One tried and true staple for many Napturals is Dr. Bronner's castille soap. I use the peppermint version. It makes my scalp feel all tingly and leaves my tresses pretty clean. Some folks dilute it while others, like me, just super saturate the hair with water in the shower and apply a small amount to the scalp. If you're a lather freak then this might work for you.
I've also used Dr. Woods castille soap with similar results (and a lower price tag).

Another commercial shampoo that I keep on hand is Hugo Naturals' Red Tea & Ylang Ylang (this is the version for dry hair). You can pick this up at any Whole Foods store. It's kinda pricey at $11.99 a bottle, but a little goes a looong way. I like its soft, earthy smell and love that it doesn't strip my hair while cleaning.

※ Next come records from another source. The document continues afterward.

(* For every $n\in\mathbb N$, $TC(M_n)=1$, where $M_n$ is the algebra of complex $n\times n$ matrices.
   Context: All tensor products are minimal. For a unital $C^*$-algebra $A$ let $p_0,p_1:A\to A\otimes A$ be $p_0(a)=a\otimes 1$, $p_1(a)=1\otimes a$, and for $t\in[0,1]$ and a $C^*$-algebra $B$ let $\mathrm{ev}_t:B\otimes C[0,1]\to B$ be evaluation at $t$. The topological complexity $TC(A)$ is the minimal number $n$ such that there exist $C^*$-algebras $B_1,\dots,B_n$ with surjective $*$-homomorphisms $q_i:A\otimes A\to B_i$ satisfying $\bigcap_{i=1}^n\ker q_i=\{0\}$, together with $*$-homomorphisms $\sigma_i:A\to B_i\otimes C[0,1]$ such that $\mathrm{ev}_k\circ\sigma_i=q_i\circ p_k$ for $k=0,1$ and all $i$; $TC(A)=\infty$ if no such $n$ exists. *)

theory Defs
  imports "HOL-Analysis.Analysis" "Jordan_Normal_Form.Matrix" "HOL-Library.Extended_Nat"
begin

abbreviation Mn :: "nat \<Rightarrow> complex mat set" where
  "Mn n \<equiv> carrier_mat n n"

definition ctrans :: "complex mat \<Rightarrow> complex mat" where
  "ctrans A = mat (dim_col A) (dim_row A) (\<lambda>(i,j). cnj (A $$ (j,i)))"

text \<open>Kronecker product; M_n \<otimes> M_n = M_(n*n) with a \<otimes> b = kron a b.\<close>
definition kron :: "complex mat \<Rightarrow> complex mat \<Rightarrow> complex mat" where
  "kron A B = mat (dim_row A * dim_row B) (dim_col A * dim_col B)
     (\<lambda>(i,j). A $$ (i div dim_row B, j div dim_col B) * B $$ (i mod dim_row B, j mod dim_col B))"

definition p0 :: "nat \<Rightarrow> complex mat \<Rightarrow> complex mat" where
  "p0 n a = kron a (1\<^sub>m n)"
definition p1 :: "nat \<Rightarrow> complex mat \<Rightarrow> complex mat" where
  "p1 n a = kron (1\<^sub>m n) a"

text \<open>A (finite-dimensional, hence C*-) *-subalgebra of M_m.\<close>
definition star_subalg :: "nat \<Rightarrow> complex mat set \<Rightarrow> bool" where
  "star_subalg m B \<longleftrightarrow> B \<subseteq> carrier_mat m m \<and> 0\<^sub>m m m \<in> B \<and>
     (\<forall>x\<in>B. \<forall>y\<in>B. x + y \<in> B \<and> x * y \<in> B) \<and>
     (\<forall>c. \<forall>x\<in>B. c \<cdot>\<^sub>m x \<in> B) \<and> (\<forall>x\<in>B. ctrans x \<in> B)"

definition star_hom :: "nat \<Rightarrow> complex mat set \<Rightarrow> (complex mat \<Rightarrow> complex mat) \<Rightarrow> bool" where
  "star_hom k B f \<longleftrightarrow> (\<forall>x\<in>carrier_mat k k. f x \<in> B) \<and>
     (\<forall>x\<in>carrier_mat k k. \<forall>y\<in>carrier_mat k k.
        f (x + y) = f x + f y \<and> f (x * y) = f x * f y) \<and>
     (\<forall>c. \<forall>x\<in>carrier_mat k k. f (c \<cdot>\<^sub>m x) = c \<cdot>\<^sub>m f x) \<and>
     (\<forall>x\<in>carrier_mat k k. f (ctrans x) = ctrans (f x))"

If you're plagued by buildup, then you're probably using too much product. To get that gunk out of your hair, I suggest you take it back to your grade school science project (remember that volcano you made?) for answers. Natural clarifying agents such as baking soda (sodium bicarbonate) and Apple Cider Vinegar (ACV) are inexpensive and widely available. Non-frill, off-brand, or generic versions of these have worked just fine for me.

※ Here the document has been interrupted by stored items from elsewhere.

(* Let $1\le s<t$ be integers and let $n$ be sufficiently large. If $G$ is a $K_{s,t}$-saturated $n$ by $n$ bipartite graph with minimum degree $\delta<t-1$, then $G$ has at least $(s+t-2)n-(t-1)(t-2)$ edges.
   Context: An $n$ by $n$ bipartite graph $G$ has two color classes $U,U'$ with $|U|=|U'|=n$. Such a $G$ is called $K_{s,t}$-saturated if $G$ contains no subgraph isomorphic to $K_{s,t}$ (with either side of $K_{s,t}$ lying in either class), but adding any missing edge $uu'$ with $u\in U$, $u'\in U'$ creates a subgraph isomorphic to $K_{s,t}$ (with either orientation). *)

theory Defs
  imports Main
begin

text \<open>An n by n bipartite graph: colour classes U = {0..<n} and U' = {0..<n}
  (two disjoint copies), edges E a subset of U \<times> U'; the pair (u,u') is the edge
  between u \<in> U and u' \<in> U'.\<close>

definition bip_graph :: "nat \<Rightarrow> (nat \<times> nat) set \<Rightarrow> bool" where
  "bip_graph n E \<longleftrightarrow> E \<subseteq> {0..<n} \<times> {0..<n}"

definition contains_Kst :: "nat \<Rightarrow> nat \<Rightarrow> nat \<Rightarrow> (nat \<times> nat) set \<Rightarrow> bool" where
  "contains_Kst n s t E \<longleftrightarrow>
     (\<exists>A B. A \<subseteq> {0..<n} \<and> B \<subseteq> {0..<n} \<and> A \<times> B \<subseteq> E \<and>
        ((card A = s \<and> card B = t) \<or> (card A = t \<and> card B = s)))"

definition Kst_saturated :: "nat \<Rightarrow> nat \<Rightarrow> nat \<Rightarrow> (nat \<times> nat) set \<Rightarrow> bool" where
  "Kst_saturated n s t E \<longleftrightarrow> bip_graph n E \<and> \<not> contains_Kst n s t E \<and>
     (\<forall>u\<in>{0..<n}. \<forall>u'\<in>{0..<n}. (u, u') \<notin> E \<longrightarrow> contains_Kst n s t (insert (u, u') E))"

definition deg_left :: "nat \<Rightarrow> (nat \<times> nat) set \<Rightarrow> nat \<Rightarrow> nat" where
  "deg_left n E u = card {u' \<in> {0..<n}. (u, u') \<in> E}"

definition deg_right :: "nat \<Rightarrow> (nat \<times> nat) set \<Rightarrow> nat \<Rightarrow> nat" where
  "deg_right n E u' = card {u \<in> {0..<n}. (u, u') \<in> E}"

definition min_degree :: "nat \<Rightarrow> (nat \<times> nat) set \<Rightarrow> nat" where
  "min_degree n E = Min (deg_left n E ` {0..<n} \<union> deg_right n E ` {0..<n})"

end

theory Submission
  imports Defs
begin

text \<open>Let \<open>v\<close> be a vertex of degree \<open>d < t - 1\<close>; by symmetry \<open>v \<in> U\<close>. For each of the
  \<open>n - d\<close> non-neighbours \<open>u'\<close> of \<open>v\<close>, adding \<open>vu'\<close> creates a copy \<open>A \<times> B\<close> of \<open>K\<^sub>s\<^sub>,\<^sub>t\<close>
  with \<open>v \<in> A\<close>, \<open>u' \<in> B\<close>. As \<open>B - {u'}\<close> lies in the neighbourhood \<open>N(v)\<close>, \<open>|B| < t\<close>, so
  \<open>|B| = s\<close> and \<open>|A| = t\<close>: \<open>u'\<close> has \<open>t - 1\<close> neighbours in \<open>U\<close> with at least \<open>s - 1\<close>
  neighbours in \<open>N(v)\<close>. Call such vertices of \<open>U\<close> rich. Counting the edges from rich
  vertices to \<open>U' - N(v)\<close>, from rich vertices to \<open>N(v)\<close>, and from the other vertices
  (each of degree at least \<open>s - 1\<close>) gives
  \<open>|E| \<ge> (t - 1)(n - d) + (s - 1)n \<ge> (s + t - 2)n - (t - 1)(t - 2)\<close>.\<close>

lemma card_Int_Times_eq_sum:
  assumes "finite A" "finite B"
  shows "card (E \<inter> (A \<times> B)) = (\<Sum>a\<in>A. card {b\<in>B. (a, b) \<in> E})"
proof -
  have "E \<inter> (A \<times> B) = Sigma A (\<lambda>a. {b\<in>B. (a, b) \<in> E})" by auto
  then show ?thesis using assms by (simp add: card_SigmaI)
qed

lemma card_Int_Times_ge_left:
  assumes "finite A" "finite B" and "\<And>a. a \<in> A \<Longrightarrow> k \<le> card {b\<in>B. (a, b) \<in> E}"
  shows "k * card A \<le> card (E \<inter> (A \<times> B))"
proof -
  have "k * card A = (\<Sum>a\<in>A. k)" by simp
  also have "\<dots> \<le> (\<Sum>a\<in>A. card {b\<in>B. (a, b) \<in> E})" using assms(3) by (rule sum_mono)
  also have "\<dots> = card (E \<inter> (A \<times> B))" using assms(1,2) by (simp add: card_Int_Times_eq_sum)
  finally show ?thesis .
qed

lemma card_Int_Times_ge_right:
  assumes "finite A" "finite B" and "\<And>b. b \<in> B \<Longrightarrow> k \<le> card {a\<in>A. (a, b) \<in> E}"
  shows "k * card B \<le> card (E \<inter> (A \<times> B))"
proof -
  have "k * card B \<le> card (E\<inverse> \<inter> (B \<times> A))"
    using assms by (intro card_Int_Times_ge_left) auto
  also have "E\<inverse> \<inter> (B \<times> A) = (E \<inter> (A \<times> B))\<inverse>" by auto
  finally show ?thesis by simp
qed

definition nbhd_left :: "nat \<Rightarrow> (nat \<times> nat) set \<Rightarrow> nat \<Rightarrow> nat set" where
  "nbhd_left n E u = {u'\<in>{0..<n}. (u, u') \<in> E}"

lemma deg_left_eq_card_nbhd_left: "deg_left n E u = card (nbhd_left n E u)"
  unfolding deg_left_def nbhd_left_def ..

lemma contains_Kst_converse [simp]: "contains_Kst n s t (E\<inverse>) \<longleftrightarrow> contains_Kst n s t E"
  unfolding contains_Kst_def by blast

lemma Kst_saturated_converse:
  assumes "Kst_saturated n s t E"
  shows "Kst_saturated n s t (E\<inverse>)"
proof -
  have "insert (u, u') (E\<inverse>) = (insert (u', u) E)\<inverse>" for u u' by auto
  then show ?thesis using assms unfolding Kst_saturated_def bip_graph_def by auto
qed

lemma deg_right_eq_deg_left_converse: "deg_right n E u' = deg_left n (E\<inverse>) u'"
  unfolding deg_right_def deg_left_def by simp

lemma min_degree_less_obtain:
  assumes "min_degree n E < k" and "0 < n"
  obtains v where "v < n" "deg_left n E v < k \<or> deg_right n E v < k"
proof -
  have "min_degree n E \<in> deg_left n E ` {0..<n} \<union> deg_right n E ` {0..<n}"
    unfolding min_degree_def using \<open>0 < n\<close> by (intro Min_in) auto
  then show ?thesis using assms(1) that by auto
qed

lemma Kst_saturated_added_edge_in_copy:
  assumes sat: "Kst_saturated n s t E" and "u < n" "u' < n" "(u, u') \<notin> E"
  obtains A B where "A \<subseteq> {0..<n}" "B \<subseteq> {0..<n}" "u \<in> A" "u' \<in> B"
    "A \<times> B \<subseteq> insert (u, u') E" "(card A = s \<and> card B = t) \<or> (card A = t \<and> card B = s)"
proof -
  have "contains_Kst n s t (insert (u, u') E)"
    using assms unfolding Kst_saturated_def by simp
  then obtain A B where AB: "A \<subseteq> {0..<n}" "B \<subseteq> {0..<n}" "A \<times> B \<subseteq> insert (u, u') E"
    "(card A = s \<and> card B = t) \<or> (card A = t \<and> card B = s)"
    unfolding contains_Kst_def by blast
  have "\<not> A \<times> B \<subseteq> E"
  proof
    assume "A \<times> B \<subseteq> E"
    then have "contains_Kst n s t E" using AB unfolding contains_Kst_def by blast
    then show False using sat unfolding Kst_saturated_def by simp
  qed
  then have "(u, u') \<in> A \<times> B" using AB(3) by blast
  then show ?thesis using that[OF AB(1,2) _ _ AB(3,4)] by blast
qed

lemma Kst_saturated_deg_left_ge:
  assumes sat: "Kst_saturated n s t E" and "s \<le> t" "s \<le> n" "w < n"
  shows "s - 1 \<le> deg_left n E w"
proof (cases "\<forall>y<n. (w, y) \<in> E")
  case True
  then have "{y\<in>{0..<n}. (w, y) \<in> E} = {0..<n}" by auto
  then show ?thesis using \<open>s \<le> n\<close> unfolding deg_left_def by simp
next
  case False
  then obtain y where "y < n" "(w, y) \<notin> E" by auto
  with assms obtain A B where AB: "B \<subseteq> {0..<n}" "w \<in> A" "y \<in> B"
    "A \<times> B \<subseteq> insert (w, y) E" "(card A = s \<and> card B = t) \<or> (card A = t \<and> card B = s)"
    by (elim Kst_saturated_added_edge_in_copy)
  have "finite B" using AB(1) finite_subset by blast
  have "s - 1 \<le> card (B - {y})" using AB \<open>finite B\<close> \<open>s \<le> t\<close> by auto
  also have "\<dots> \<le> deg_left n E w"
    unfolding deg_left_def using AB by (intro card_mono) auto
  finally show ?thesis .
qed

lemma Kst_saturated_nonneighbour_has_rich_neighbours:
  assumes sat: "Kst_saturated n s t E"
    and v: "v < n" "deg_left n E v < t - 1" and u': "u' < n" "(v, u') \<notin> E"
  shows "t - 1 \<le> card {w\<in>{0..<n}. (w, u') \<in> E \<and>
                       s - 1 \<le> card (nbhd_left n E w \<inter> nbhd_left n E v)}"
proof -
  obtain A B where AB: "A \<subseteq> {0..<n}" "B \<subseteq> {0..<n}" "v \<in> A" "u' \<in> B"
    "A \<times> B \<subseteq> insert (v, u') E" "(card A = s \<and> card B = t) \<or> (card A = t \<and> card B = s)"
    using sat v(1) u' by (elim Kst_saturated_added_edge_in_copy)
  have fin: "finite A" "finite B" using AB(1,2) finite_subset by auto
  have B_nbhd: "B - {u'} \<subseteq> nbhd_left n E v"
    using AB unfolding nbhd_left_def by auto
  have "card B - 1 = card (B - {u'})" using fin AB(4) by simp
  also have "\<dots> \<le> deg_left n E v"
    unfolding deg_left_eq_card_nbhd_left using B_nbhd
    by (intro card_mono) (simp_all add: nbhd_left_def)
  finally have "card B - 1 \<le> deg_left n E v" .
  then have "card B \<noteq> t" using v(2) by linarith
  then have cards: "card A = t" "card B = s" using AB(6) by auto
  have "A - {v} \<subseteq> {w\<in>{0..<n}. (w, u') \<in> E \<and>
                       s - 1 \<le> card (nbhd_left n E w \<inter> nbhd_left n E v)}"
  proof
    fix w assume w: "w \<in> A - {v}"
    have "B - {u'} \<subseteq> nbhd_left n E w \<inter> nbhd_left n E v"
      using B_nbhd w AB unfolding nbhd_left_def by auto
    then have "card (B - {u'}) \<le> card (nbhd_left n E w \<inter> nbhd_left n E v)"
      by (intro card_mono) (auto simp: nbhd_left_def)
    moreover have "card (B - {u'}) = s - 1" using cards fin(2) AB(4) by simp
    moreover have "(w, u') \<in> E" using w AB(4,5) by auto
    ultimately show "w \<in> {w\<in>{0..<n}. (w, u') \<in> E \<and>
                   s - 1 \<le> card (nbhd_left n E w \<inter> nbhd_left n E v)}"
      using w AB(1) by auto
  qed
  then have "card (A - {v}) \<le> card {w\<in>{0..<n}. (w, u') \<in> E \<and>
                       s - 1 \<le> card (nbhd_left n E w \<inter> nbhd_left n E v)}"
    by (rule card_mono[rotated]) simp
  moreover have "card (A - {v}) = t - 1" using cards fin(1) AB(3) by simp
  ultimately show ?thesis by simp
qed

lemma Kst_saturated_card_ge_low_deg_left:
  assumes sat: "Kst_saturated n s t E" and "s \<le> t" "s \<le> n"
    and v: "v < n" "deg_left n E v < t - 1"
  shows "(t - 1) * (n - deg_left n E v) + (s - 1) * n \<le> card E"
proof -
  define U where "U = {0..<n}"
  define N where "N = nbhd_left n E v"
  define X where "X = U - N"
  define R where "R = {w\<in>U. s - 1 \<le> card (nbhd_left n E w \<inter> N)}"
  have fin: "finite U" "finite N" "finite X" "finite R" "finite (U - R)"
    unfolding U_def N_def X_def R_def nbhd_left_def by auto
  have N_U: "N \<subseteq> U" and R_U: "R \<subseteq> U" unfolding N_def U_def R_def nbhd_left_def by auto
  have E_U: "E \<subseteq> U \<times> U" using sat unfolding Kst_saturated_def bip_graph_def U_def by auto
  have to_X: "(t - 1) * card X \<le> card (E \<inter> (R \<times> X))"
  proof (rule card_Int_Times_ge_right[OF fin(4,3)])
    fix u' assume "u' \<in> X"
    then have "u' < n" "(v, u') \<notin> E" unfolding X_def U_def N_def nbhd_left_def by auto
    then have "t - 1 \<le> card {w\<in>U. (w, u') \<in> E \<and> s - 1 \<le> card (nbhd_left n E w \<inter> N)}"
      using Kst_saturated_nonneighbour_has_rich_neighbours[OF sat v] unfolding U_def N_def
      by blast
    also have "{w\<in>U. (w, u') \<in> E \<and> s - 1 \<le> card (nbhd_left n E w \<inter> N)} = {w\<in>R. (w, u') \<in> E}"
      unfolding R_def by auto
    finally show "t - 1 \<le> card {w\<in>R. (w, u') \<in> E}" .
  qed
  have from_R: "(s - 1) * card R \<le> card (E \<inter> (R \<times> N))"
  proof (rule card_Int_Times_ge_left[OF fin(4,2)])
    fix w assume "w \<in> R"
    moreover have "nbhd_left n E w \<inter> N = {y\<in>N. (w, y) \<in> E}"
      unfolding N_def nbhd_left_def by auto
    ultimately show "s - 1 \<le> card {y\<in>N. (w, y) \<in> E}" unfolding R_def by auto
  qed
  have from_poor: "(s - 1) * card (U - R) \<le> card (E \<inter> ((U - R) \<times> U))"
  proof (rule card_Int_Times_ge_left[OF fin(5,1)])
    fix w assume "w \<in> U - R"
    then have "s - 1 \<le> deg_left n E w"
      using Kst_saturated_deg_left_ge[OF sat \<open>s \<le> t\<close> \<open>s \<le> n\<close>] unfolding U_def by auto
    then show "s - 1 \<le> card {y\<in>U. (w, y) \<in> E}" unfolding deg_left_def U_def .
  qed
  have disjoint: "E \<inter> (R \<times> X) \<inter> E \<inter> (R \<times> N) = {}"
    "(E \<inter> (R \<times> X) \<union> E \<inter> (R \<times> N)) \<inter> E \<inter> ((U - R) \<times> U) = {}"
    unfolding X_def by auto
  have "card (E \<inter> (R \<times> X)) + card (E \<inter> (R \<times> N)) + card (E \<inter> ((U - R) \<times> U))
      = card (E \<inter> (R \<times> X) \<union> E \<inter> (R \<times> N) \<union> E \<inter> ((U - R) \<times> U))"
    using fin disjoint by (simp add: card_Un_disjoint Int_assoc)
  also have "\<dots> \<le> card E"
    using E_U fin by (intro card_mono) (simp_all add: finite_subset)
  finally have "(t - 1) * card X + (s - 1) * (card R + card (U - R)) \<le> card E"
    using to_X from_R from_poor by (simp add: add_mult_distrib2)
  moreover have "card X = n - deg_left n E v"
    unfolding X_def deg_left_eq_card_nbhd_left N_def[symmetric] using N_U fin
    by (simp add: card_Diff_subset U_def)
  moreover have "card R + card (U - R) = n"
    using R_U fin card_mono[OF fin(1) R_U] by (simp add: card_Diff_subset U_def)
  ultimately show ?thesis by simp
qed

theorem proposition2p1:
  fixes s t :: nat
  assumes "1 \<le> s" and "s < t"
  shows "\<exists>N. \<forall>n \<ge> N. \<forall>E. Kst_saturated n s t E \<and> min_degree n E < t - 1 \<longrightarrow>
           int (card E) \<ge> int (s + t - 2) * int n - int (t - 1) * int (t - 2)"
proof (intro exI allI impI)
  fix n :: nat and E
  assume "t \<le> n" and "Kst_saturated n s t E \<and> min_degree n E < t - 1"
  then have sat: "Kst_saturated n s t E" and "min_degree n E < t - 1" by auto
  then obtain v where v: "v < n" "deg_left n E v < t - 1 \<or> deg_left n (E\<inverse>) v < t - 1"
    using \<open>s < t\<close> \<open>t \<le> n\<close>
    by (auto elim: min_degree_less_obtain simp: deg_right_eq_deg_left_converse)
  have bound: "(t - 1) * (n - (t - 2)) + (s - 1) * n \<le> card F"
    if "Kst_saturated n s t F" "deg_left n F v < t - 1" for F
  proof -
    have "(t - 1) * (n - (t - 2)) \<le> (t - 1) * (n - deg_left n F v)"
      using that(2) by (intro mult_left_mono) auto
    also have "\<dots> + (s - 1) * n \<le> card F"
      using Kst_saturated_card_ge_low_deg_left[OF that(1)] that(2) assms \<open>t \<le> n\<close> v(1)
      by simp
    finally show ?thesis by simp
  qed
  have "(t - 1) * (n - (t - 2)) + (s - 1) * n \<le> card E"
    using v(2) bound[OF sat] bound[OF Kst_saturated_converse[OF sat]] by auto
  then have "int ((t - 1) * (n - (t - 2)) + (s - 1) * n) \<le> int (card E)"
    by (simp only: of_nat_le_iff)
  moreover have "int ((t - 1) * (n - (t - 2)) + (s - 1) * n)
      = int (t - 1) * (int n - int (t - 2)) + int (s - 1) * int n"
    using \<open>t \<le> n\<close> by (simp add: of_nat_diff)
  moreover have "int (s + t - 2) = int (t - 1) + int (s - 1)"
    using assms by simp
  ultimately show "int (card E) \<ge> int (s + t - 2) * int n - int (t - 1) * int (t - 2)"
    by (simp only: algebra_simps)
qed

end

Baking soda is great for cleansing the scalp, but use too much and your head will surely be feeling like steel wool. A good rule of thumb is to dissolve 1 tablespoon of baking soda in every 1 cup of warm water. You can pour the mixture over your head or apply it with a spray bottle. There won't be much of a lather, but trust that it's definitely putting in work. I used to do this monthly, but I haven't used it in a while because I have since switched to ACV rinses.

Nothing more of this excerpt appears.